**Brief**
Which of the lines below include the word "else"? Pull each one out.

Collected data entries:
(* Let $G$ be a finite group, $X\subseteq G$ a conjugacy class, and $V=\Bbbk X$ a Yetter–Drinfeld module over $\Bbbk G$ with basis $\{v_x\}_{x\in X}$, $v_x$ homogeneous of $G$-degree $x$, and $g\cdot v_y\in\Bbbk^\times v_{gyg^{-1}}$; let $q\colon X\times X\to\Bbbk^\times$ be the corresponding cocycle, defined by $x\cdot v_y=q(x,y)v_{x\triangleright y}$, so that the braiding is $c_q(v_x\otimes v_y)=q(x,y)\,v_{x\triangleright y}\otimes v_x$. Let $q'$ be a cocycle on $X$ twist-equivalent to $q$, and let $\mathcal B(X,q)$, $\mathcal B(X,q')$ be the Nichols algebras of $(\Bbbk X,c_q)$ and $(\Bbbk X,c_{q'})$. Then for every $d\in\mathbb N$ (with $d\ge2$), $\mathcal B(X,q)\cong\widehat{\mathcal B(X,q)}_d$ if and only if $\mathcal B(X,q')\cong\widehat{\mathcal B(X,q')}_d$, where the isomorphisms are the natural projections.
   Context: A rack $(X,\triangleright)$ is a nonempty set with a binary operation such that each $x\triangleright-$ is bijective and $x\triangleright(y\triangleright z)=(x\triangleright y)\triangleright(x\triangleright z)$; here $x\triangleright y=xyx^{-1}$ in $G$. A $2$-cocycle of degree $1$ on $X$ is $q\colon X\times X\to\Bbbk^\times$ with $q(x,y\triangleright z)q(y,z)=q(x\triangleright y,x\triangleright z)q(x,z)$. Two such cocycles $q,q'$ on $X\subseteq G$ are twist-equivalent if there is a group $2$-cocycle $\sigma\colon G\times G\to\Bbbk^\times$ (i.e. $\sigma(x,y)\sigma(xy,z)=\sigma(y,z)\sigma(x,yz)$, $\sigma(x,1)=\sigma(1,x)=1$) with $q'(x,y)=\sigma(x,y)q(x,y)\sigma(x\triangleright y,x)^{-1}$ for all $x,y\in X$. For a vector space $V$ with a solution $c$ of the braid equation, $B_n$ (braid group with generators $\sigma_1,\dots,\sigma_{n-1}$) acts on $V^{\otimes n}$ by $\rho_n(\sigma_i)=\mathrm{id}^{\otimes(i-1)}\otimes c\otimes\mathrm{id}^{\otimes(n-i-1)}$; the Matsumoto section $M_n\colon\mathbb S_n\to B_n$ sends a reduced expression $s_{i_1}\cdots s_{i_l}$ to $\sigma_{i_1}\cdots\sigma_{i_l}$; the quantum symmetrizer is $Q_n=\sum_{w\in\mathbb S_n}\rho_n(M_n(w))$. The Nichols algebra is $\mathcal B(V,c)=T(V)/\bigoplus_{n\ge2}\ker Q_n$ (a connected bialgebra with $V$ primitive). For a connected bialgebra $B=T(B_1)/J$ generated in degree $1$ ($J$ a graded ideal and coideal in degrees $\ge2$), the $d$-atic cover is $\widehat B_d=T(B_1)/\big(\bigoplus_{m=2}^d(J\cap B_1^{\otimes m})\big)$ (quotient by the generated ideal); for $B=\mathcal B(V,c)$, $J\cap V^{\otimes m}=\ker Q_m$. *)

theory Defs
  imports "HOL.Modules" "HOL-Library.Function_Algebras" "HOL-Algebra.Group" "HOL-Combinatorics.Transposition" "HOL-Combinatorics.Permutations"
begin

definition rtri :: "('g, 'b) monoid_scheme \<Rightarrow> 'g \<Rightarrow> 'g \<Rightarrow> 'g" where
  "rtri G x y = x \<otimes>\<^bsub>G\<^esub> y \<otimes>\<^bsub>G\<^esub> inv\<^bsub>G\<^esub> x"

definition conj_class :: "('g, 'b) monoid_scheme \<Rightarrow> 'g set \<Rightarrow> bool" where
  "conj_class G X = (\<exists>a \<in> carrier G. X = {g \<otimes>\<^bsub>G\<^esub> a \<otimes>\<^bsub>G\<^esub> inv\<^bsub>G\<^esub> g | g. g \<in> carrier G})"

definition rack_cocycle :: "('g \<Rightarrow> 'g \<Rightarrow> 'g) \<Rightarrow> 'g set \<Rightarrow> ('g \<Rightarrow> 'g \<Rightarrow> 'k::field) \<Rightarrow> bool" where
  "rack_cocycle tri X q =
     ((\<forall>x\<in>X. \<forall>y\<in>X. q x y \<noteq> 0) \<and>
      (\<forall>x\<in>X. \<forall>y\<in>X. \<forall>z\<in>X. q x (tri y z) * q y z = q (tri x y) (tri x z) * q x z))"

text \<open>The cocycle q comes from a Yetter-Drinfeld module structure on kX over kG:
  g . v_y = chi g y v_(g y g^-1), with chi g y nonzero, and q x y = chi x y.\<close>
definition yd_cocycle :: "('g, 'b) monoid_scheme \<Rightarrow> 'g set \<Rightarrow> ('g \<Rightarrow> 'g \<Rightarrow> 'k::field) \<Rightarrow> bool" where
  "yd_cocycle G X q =
     (\<exists>chi :: 'g \<Rightarrow> 'g \<Rightarrow> 'k.
        (\<forall>g\<in>carrier G. \<forall>y\<in>X. chi g y \<noteq> 0) \<and>
        (\<forall>y\<in>X. chi \<one>\<^bsub>G\<^esub> y = 1) \<and>
        (\<forall>g\<in>carrier G. \<forall>h\<in>carrier G. \<forall>y\<in>X.
            chi (g \<otimes>\<^bsub>G\<^esub> h) y = chi g (rtri G h y) * chi h y) \<and>
        (\<forall>x\<in>X. \<forall>y\<in>X. q x y = chi x y))"

definition group_2cocycle :: "('g, 'b) monoid_scheme \<Rightarrow> ('g \<Rightarrow> 'g \<Rightarrow> 'k::field) \<Rightarrow> bool" where
  "group_2cocycle G \<sigma> =
     ((\<forall>x\<in>carrier G. \<forall>y\<in>carrier G. \<sigma> x y \<noteq> 0) \<and>
      (\<forall>x\<in>carrier G. \<forall>y\<in>carrier G. \<forall>z\<in>carrier G.
          \<sigma> x y * \<sigma> (x \<otimes>\<^bsub>G\<^esub> y) z = \<sigma> y z * \<sigma> x (y \<otimes>\<^bsub>G\<^esub> z)) \<and>
      (\<forall>x\<in>carrier G. \<sigma> x \<one>\<^bsub>G\<^esub> = 1 \<and> \<sigma> \<one>\<^bsub>G\<^esub> x = 1))"

definition twist_equivalent :: "('g, 'b) monoid_scheme \<Rightarrow> 'g set \<Rightarrow> ('g \<Rightarrow> 'g \<Rightarrow> 'k::field) \<Rightarrow> ('g \<Rightarrow> 'g \<Rightarrow> 'k) \<Rightarrow> bool" where
  "twist_equivalent G X q q' =
     (\<exists>\<sigma>. group_2cocycle G \<sigma> \<and>
        (\<forall>x\<in>X. \<forall>y\<in>X. q' x y = \<sigma> x y * q x y * inverse (\<sigma> (rtri G x y) x)))"

text \<open>Tensors of degree n in (kX)^{\<otimes> n} are represented as functions on words (lists) over X,
  supported on words of length n; the basis vector v_{x_1} \<otimes> ... \<otimes> v_{x_n} is the indicator of
  the word [x_1,...,x_n].\<close>
definition words :: "'g set \<Rightarrow> nat \<Rightarrow> 'g list set" where
  "words X n = {w. length w = n \<and> set w \<subseteq> X}"

definition tensor_space :: "'g set \<Rightarrow> nat \<Rightarrow> ('g list \<Rightarrow> 'k::field) set" where
  "tensor_space X n = {f. \<forall>w. f w \<noteq> 0 \<longrightarrow> w \<in> words X n}"

definition basis_vec :: "'g list \<Rightarrow> 'g list \<Rightarrow> 'k::field" where
  "basis_vec u = (\<lambda>w. if w = u then 1 else 0)"

definition tens :: "nat \<Rightarrow> ('g list \<Rightarrow> 'k::field) \<Rightarrow> ('g list \<Rightarrow> 'k) \<Rightarrow> 'g list \<Rightarrow> 'k" where
  "tens a f g = (\<lambda>w. f (take a w) * g (drop a w))"

text \<open>c_q(v_x \<otimes> v_y) = q(x,y) v_{x\<triangleright>y} \<otimes> v_x, acting at (0-based) positions i, i+1.\<close>
definition bstep :: "('g \<Rightarrow> 'g \<Rightarrow> 'g) \<Rightarrow> nat \<Rightarrow> 'g list \<Rightarrow> 'g list" where
  "bstep tri i w = w[i := tri (w ! i) (w ! Suc i), Suc i := w ! i]"

definition braid_gen_op ::
  "('g \<Rightarrow> 'g \<Rightarrow> 'g) \<Rightarrow> 'g set \<Rightarrow> ('g \<Rightarrow> 'g \<Rightarrow> 'k::field) \<Rightarrow> nat \<Rightarrow> nat
     \<Rightarrow> ('g list \<Rightarrow> 'k) \<Rightarrow> ('g list \<Rightarrow> 'k)" where
  "braid_gen_op tri X q n i f =
     (\<lambda>u. \<Sum>w\<in>{w \<in> words X n. bstep tri i w = u}. q (w ! i) (w ! Suc i) * f w)"

text \<open>Symmetric group S_n as permutations of {0..<n}; simple transposition s_i swaps i and i+1
  (0-based, i+1 < n).\<close>
definition sn_word_prod :: "nat list \<Rightarrow> nat \<Rightarrow> nat" where
  "sn_word_prod is = foldr (\<lambda>i p. transpose i (Suc i) \<circ> p) is id"

definition reduced_word :: "nat \<Rightarrow> (nat \<Rightarrow> nat) \<Rightarrow> nat list \<Rightarrow> bool" where
  "reduced_word n p is =
     (set is \<subseteq> {i. Suc i < n} \<and> sn_word_prod is = p \<and>
      (\<forall>js. set js \<subseteq> {i. Suc i < n} \<and> sn_word_prod js = p \<longrightarrow> length is \<le> length js))"

text \<open>rho_n(M_n(w)) for the Matsumoto section, using a (chosen) reduced expression.\<close>
definition matsumoto_op ::
  "('g \<Rightarrow> 'g \<Rightarrow> 'g) \<Rightarrow> 'g set \<Rightarrow> ('g \<Rightarrow> 'g \<Rightarrow> 'k::field) \<Rightarrow> nat \<Rightarrow> (nat \<Rightarrow> nat)
     \<Rightarrow> ('g list \<Rightarrow> 'k) \<Rightarrow> ('g list \<Rightarrow> 'k)" where
  "matsumoto_op tri X q n p = foldr (braid_gen_op tri X q n) (SOME is. reduced_word n p is)"

definition quantum_symmetrizer ::
  "('g \<Rightarrow> 'g \<Rightarrow> 'g) \<Rightarrow> 'g set \<Rightarrow> ('g \<Rightarrow> 'g \<Rightarrow> 'k::field) \<Rightarrow> nat
     \<Rightarrow> ('g list \<Rightarrow> 'k) \<Rightarrow> ('g list \<Rightarrow> 'k)" where
  "quantum_symmetrizer tri X q n f =
     (\<lambda>u. \<Sum>p\<in>{p. p permutes {..<n}}. matsumoto_op tri X q n p f u)"

definition ker_Q :: "('g \<Rightarrow> 'g \<Rightarrow> 'g) \<Rightarrow> 'g set \<Rightarrow> ('g \<Rightarrow> 'g \<Rightarrow> 'k::field) \<Rightarrow> nat \<Rightarrow> ('g list \<Rightarrow> 'k) set" where
  "ker_Q tri X q n = {f \<in> tensor_space X n. quantum_symmetrizer tri X q n f = (\<lambda>_. 0)}"

text \<open>Degree n component of the defining ideal J of the Nichols algebra: ker Q_n for n \<ge> 2.\<close>
definition nichols_ideal_deg :: "('g \<Rightarrow> 'g \<Rightarrow> 'g) \<Rightarrow> 'g set \<Rightarrow> ('g \<Rightarrow> 'g \<Rightarrow> 'k::field) \<Rightarrow> nat \<Rightarrow> ('g list \<Rightarrow> 'k) set" where
  "nichols_ideal_deg tri X q n = (if 2 \<le> n then ker_Q tri X q n else {\<lambda>_. 0})"

text \<open>Degree n component of the two-sided ideal of T(V) generated by the ker Q_m, 2 \<le> m \<le> d.\<close>
definition dcover_ideal_deg ::
  "('g \<Rightarrow> 'g \<Rightarrow> 'g) \<Rightarrow> 'g set \<Rightarrow> ('g \<Rightarrow> 'g \<Rightarrow> 'k::field) \<Rightarrow> nat \<Rightarrow> nat \<Rightarrow> ('g list \<Rightarrow> 'k) set" where
  "dcover_ideal_deg tri X q d n =
     Modules.module.span (\<lambda>(c::'k) f w. c * f w)
       {tens (length u) (basis_vec u) (tens m k (basis_vec v)) | u v m k.
          set u \<subseteq> X \<and> set v \<subseteq> X \<and> 2 \<le> m \<and> m \<le> d \<and> k \<in> ker_Q tri X q m \<and>
          length u + m + length v = n}"

text \<open>The natural projection from the d-atic cover onto the Nichols algebra is an isomorphism
  iff the two graded ideals coincide.\<close>
definition nichols_eq_dcover :: "('g \<Rightarrow> 'g \<Rightarrow> 'g) \<Rightarrow> 'g set \<Rightarrow> ('g \<Rightarrow> 'g \<Rightarrow> 'k::field) \<Rightarrow> nat \<Rightarrow> bool" where
  "nichols_eq_dcover tri X q d = (\<forall>n. dcover_ideal_deg tri X q d n = nichols_ideal_deg tri X q n)"

end

theory Submission imports Defs begin

text \<open>Twisting by a group 2-cocycle \<sigma> is realised on tensors by a diagonal rescaling: the word
  v(x_1) \<otimes> \<dots> \<otimes> v(x_n) is multiplied by the product over i of \<sigma>(x_1 \<cdots> x_(i-1), x_i)^-1.
  The cocycle identity makes this rescaling intertwine c_q and c_q' at every pair of adjacent
  positions, so it commutes with the quantum symmetrizers and carries ker Q_n(q) onto
  ker Q_n(q'). It is not multiplicative, but on u \<otimes> k \<otimes> v with k homogeneous of G-degree h it
  agrees with the rescaling of k up to a scalar depending only on u, v and h. Since each ker Q_m
  is stable under taking homogeneous components, the ideal generated by the ker Q_m, m \<le> d, is
  carried into the corresponding ideal for q'; the inverse twist gives the reverse inclusions.\<close>

lemma sum_apply: "(sum f A) w = (\<Sum>a\<in>A. f a w)"
  by (induction A rule: infinite_finite_induct) auto

lemma module_pointwise_scale: "module (\<lambda>(c::'k::field) (f::'a \<Rightarrow> 'k) w. c * f w)"
  by unfold_locales (auto simp: fun_eq_iff algebra_simps)

lemma list_split_at_pair:
  assumes "Suc i < length w"
  obtains u a b v where "w = u @ a # b # v" and "length u = i"
  using assms id_take_nth_drop[of i w] Cons_nth_drop_Suc[of "Suc i" w]
  by (metis Suc_lessD length_take min.absorb4)

lemma bstep_append: "length u = i \<Longrightarrow> bstep tri i (u @ a # b # v) = u @ tri a b # a # v"
  by (simp add: bstep_def list_update_append nth_append)


section \<open>Reduced words\<close>

lemma sn_word_prod_append: "sn_word_prod (xs @ ys) = sn_word_prod xs \<circ> sn_word_prod ys"
  unfolding sn_word_prod_def by (induction xs) auto

lemma transpose_adjacent_word:
  assumes "a < b" "b < n"
  shows "\<exists>is. set is \<subseteq> {i. Suc i < n} \<and> sn_word_prod is = transpose a b"
  using assms
proof (induction b)
  case 0 then show ?case by simp
next
  case (Suc b)
  show ?case
  proof (cases "a = b")
    case True
    then show ?thesis using Suc by (intro exI[of _ "[b]"]) (simp add: sn_word_prod_def)
  next
    case False
    then obtain js where js: "set js \<subseteq> {i. Suc i < n}" "sn_word_prod js = transpose a b"
      using Suc by auto
    have "transpose a (Suc b) = transpose b (Suc b) \<circ> transpose a b \<circ> transpose b (Suc b)"
      using False Suc by (auto simp: fun_eq_iff transpose_def)
    moreover have "sn_word_prod [b] = transpose b (Suc b)" by (simp add: sn_word_prod_def)
    ultimately have "sn_word_prod ([b] @ js @ [b]) = transpose a (Suc b)"
      by (simp only: sn_word_prod_append js(2) o_assoc)
    then show ?thesis using js Suc by (intro exI[of _ "[b] @ js @ [b]"]) auto
  qed
qed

**Finished exercise**
  "basis_vec u = (\<lambda>w. if w = u then 1 else 0)"
  "nichols_ideal_deg tri X q n = (if 2 \<le> n then ker_Q tri X q n else {\<lambda>_. 0})"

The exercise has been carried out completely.